La finale perdue de la CAN 2025 continue de provoquer des remous au Maroc, mais cette fois loin des terrains. Une intervention d’un député au Parlement, mettant en cause une prétendue sorcellerie sénégalaise, a déclenché une vive polémique et relancé le débat sur la responsabilité des acteurs politiques dans le discours public.
Après CAN 2025 : Une sortie parlementaire qui choque
Lors d’une séance officielle, le député Mehdi Al Alaoui a surpris l’opinion en accusant l’équipe nationale du Sénégal d’avoir eu recours à des pratiques surnaturelles pour remporter la CAN 2025. Il s’est appuyé sur un épisode marquant de la finale : la sortie temporaire des joueurs sénégalais du terrain, avant leur retour sous l’impulsion de Sadio Mané. Pour l’élu, cette séquence constituerait un élément troublant ayant influencé le cours du match.

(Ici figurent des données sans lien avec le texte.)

lift_definition uminus_braid_fam :: "braid_fam \<Rightarrow> braid_fam" is "\<lambda>f m. inv_word (f m)"
  by (auto simp: fam_eq_def valid_part_inv_word intro: drel_inv_word valid_word_valid_part)

lift_definition minus_braid_fam :: "braid_fam \<Rightarrow> braid_fam \<Rightarrow> braid_fam"
  is "\<lambda>f g m. f m @ inv_word (g m)"
  by (auto simp: fam_eq_def valid_part_inv_word
      intro!: drel_append drel_inv_word valid_word_valid_part)

instance
proof
  fix a b c :: braid_fam
  show "a + b + c = a + (b + c)" by transfer (auto simp: fam_eq_def intro: drel.refl)
  show "0 + a = a" by transfer (auto simp: fam_eq_def intro: drel.refl)
  show "a + 0 = a" by transfer (auto simp: fam_eq_def intro: drel.refl)
  show "- a + a = 0"
    by transfer (auto simp: fam_eq_def valid_part_inv_word
        intro: drel_cancel_inv_word' valid_word_valid_part)
  show "a + - b = a - b" by transfer (auto simp: fam_eq_def intro: drel.refl)
qed

end

lift_definition word_class :: "nat \<Rightarrow> dword \<Rightarrow> braid_fam" is "\<lambda>n w m. if m = n then w else []" .

lift_definition rev_fam :: "braid_fam \<Rightarrow> braid_fam" is "\<lambda>f m. rev (f m)"
  by (auto simp: fam_eq_def valid_part_rev intro: drel_rev)

lemma word_class_append: "word_class n (u @ v) = word_class n u + word_class n v"
  by transfer (auto simp: fam_eq_def intro: drel.refl)

lemma word_class_Nil: "word_class n [] = 0"
  by transfer (auto simp: fam_eq_def intro: drel.refl)

lemma word_class_inv_word: "word_class n (inv_word u) = - word_class n u"
  by transfer (auto simp: fam_eq_def intro: drel.refl)

lemma word_class_eq_iff: "word_class n u = word_class n v \<longleftrightarrow> br_eq n (valid_part n u) (valid_part n v)"
  by transfer (auto simp: fam_eq_def intro: drel.refl)

lemma word_class_valid_part: "word_class n (valid_part n u) = word_class n u"
  by (simp add: word_class_eq_iff valid_part_idem drel.refl)

lemma word_class_eqI: "valid_word n u \<Longrightarrow> valid_word n v \<Longrightarrow> br_eq n u v \<Longrightarrow> word_class n u = word_class n v"
  by (simp add: word_class_eq_iff valid_part_id)

lemma rev_fam_add: "rev_fam (a + b) = rev_fam b + rev_fam a"
  by transfer (auto simp: fam_eq_def intro: drel.refl)

lemma rev_fam_word_class: "rev_fam (word_class n w) = word_class n (rev w)"
  by transfer (auto simp: fam_eq_def intro: drel.refl)

definition gen_y :: "nat \<Rightarrow> nat \<Rightarrow> braid_fam" where
  "gen_y n k = word_class n [(Y k, False)]"

definition gen_y2' :: "nat \<Rightarrow> braid_fam" where
  "gen_y2' n = word_class n [(Y2', False)]"

lemma word_class_two: "word_class n [a] + word_class n [b] = word_class n [a, b]"
  using word_class_append[of n "[a]" "[b]"] by simp

lemma word_class_three:
  "word_class n [a] + word_class n [b] + word_class n [c] = word_class n [a, b, c]"
  using word_class_append[of n "[a]" "[b]"] word_class_append[of n "[a, b]" "[c]"] by simp

lemma Dn_braid_word_class: "4 \<le> n \<Longrightarrow> Dn_braid rev_fam n (gen_y n) (gen_y2' n)"
proof (unfold_locales)
  assume n: "4 \<le> n"
  then show "4 \<le> n" .
  fix k l :: nat and x y :: braid_fam
  show "gen_y n k + gen_y n l = gen_y n l + gen_y n k" if "2 \<le> k" "l \<le> n" "k + 2 \<le> l"
  proof -
    have "\<not> adj n (Y k) (Y l)" using that by (auto simp: adj_def doubleton_eq_iff)
    then have "br_eq n [(Y k, False), (Y l, False)] [(Y l, False), (Y k, False)]"
      using that by (intro drel.comm) (auto simp: valid_gen_def)
    then show ?thesis unfolding gen_y_def word_class_two
      using that by (intro word_class_eqI) (auto simp: valid_word_def valid_gen_def)
  qed
  show "braids (gen_y n k) (gen_y n (k + 1))" if "2 \<le> k" "k + 1 \<le> n"
  proof -
    have "adj n (Y k) (Y (k + 1))"
    proof (cases "k = 2")
      case True
      then show ?thesis using that by (auto simp: adj_def)
    next
      case False
      then show ?thesis unfolding adj_def using that by (intro conjI disjI2 exI[of _ k]) auto
    qed
    then have "br_eq n [(Y k, False), (Y (k + 1), False), (Y k, False)]
        [(Y (k + 1), False), (Y k, False), (Y (k + 1), False)]"
      by (rule drel.braid)
    then show ?thesis unfolding gen_y_def word_class_three
      using that by (intro word_class_eqI) (auto simp: valid_word_def valid_gen_def)
  qed
  show "gen_y2' n + gen_y n k = gen_y n k + gen_y2' n" if "2 \<le> k" "k \<le> n" "k \<noteq> 3"
  proof -
    have "\<not> adj n Y2' (Y k)" using that by (auto simp: adj_def doubleton_eq_iff)
    then have "br_eq n [(Y2', False), (Y k, False)] [(Y k, False), (Y2', False)]"
      using that by (intro drel.comm) (auto simp: valid_gen_def)
    then show ?thesis unfolding gen_y_def gen_y2'_def word_class_two
      using that by (intro word_class_eqI) (auto simp: valid_word_def valid_gen_def)
  qed
  show "braids (gen_y2' n) (gen_y n 3)"
  proof -
    have "adj n Y2' (Y 3)" using n by (auto simp: adj_def)
    then have "br_eq n [(Y2', False), (Y 3, False), (Y2', False)]
        [(Y 3, False), (Y2', False), (Y 3, False)]"
      by (rule drel.braid)
    then show ?thesis unfolding gen_y_def gen_y2'_def word_class_three
      using n by (intro word_class_eqI) (auto simp: valid_word_def valid_gen_def)
  qed
  show "rev_fam (x + y) = rev_fam y + rev_fam x" by (rule rev_fam_add)
  show "rev_fam (gen_y n k) = gen_y n k" by (simp add: gen_y_def rev_fam_word_class)
  show "rev_fam (gen_y2' n) = gen_y2' n" by (simp add: gen_y2'_def rev_fam_word_class)
qed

Le parlementaire est allé plus loin en réclamant des poursuites contre l’arbitre de la rencontre, estimant que l’interruption de 17 minutes aurait cassé la dynamique marocaine au moment clé, notamment avant le penalty manqué par Brahim Diaz.
Réseaux sociaux : moqueries et indignation
Ces déclarations ont immédiatement enflammé les réseaux sociaux. De nombreux internautes, y compris au Maroc, ont tourné en dérision les propos du député, dénonçant une incapacité à accepter la défaite sportive lors de la CAN 2025. Pour une large partie de l’opinion, expliquer l’échec du Maroc par la sorcellerie relève davantage de la théorie du complot que d’une analyse rationnelle du match.
La polémique met aussi en lumière une confusion préoccupante entre passion sportive et responsabilité institutionnelle, plusieurs citoyens jugeant ce discours indigne d’un représentant élu. Au-delà de la défaite en finale, cette controverse révèle un malaise plus profond : celui d’un débat politique parasité par l’émotion, au risque d’affaiblir la crédibilité des institutions.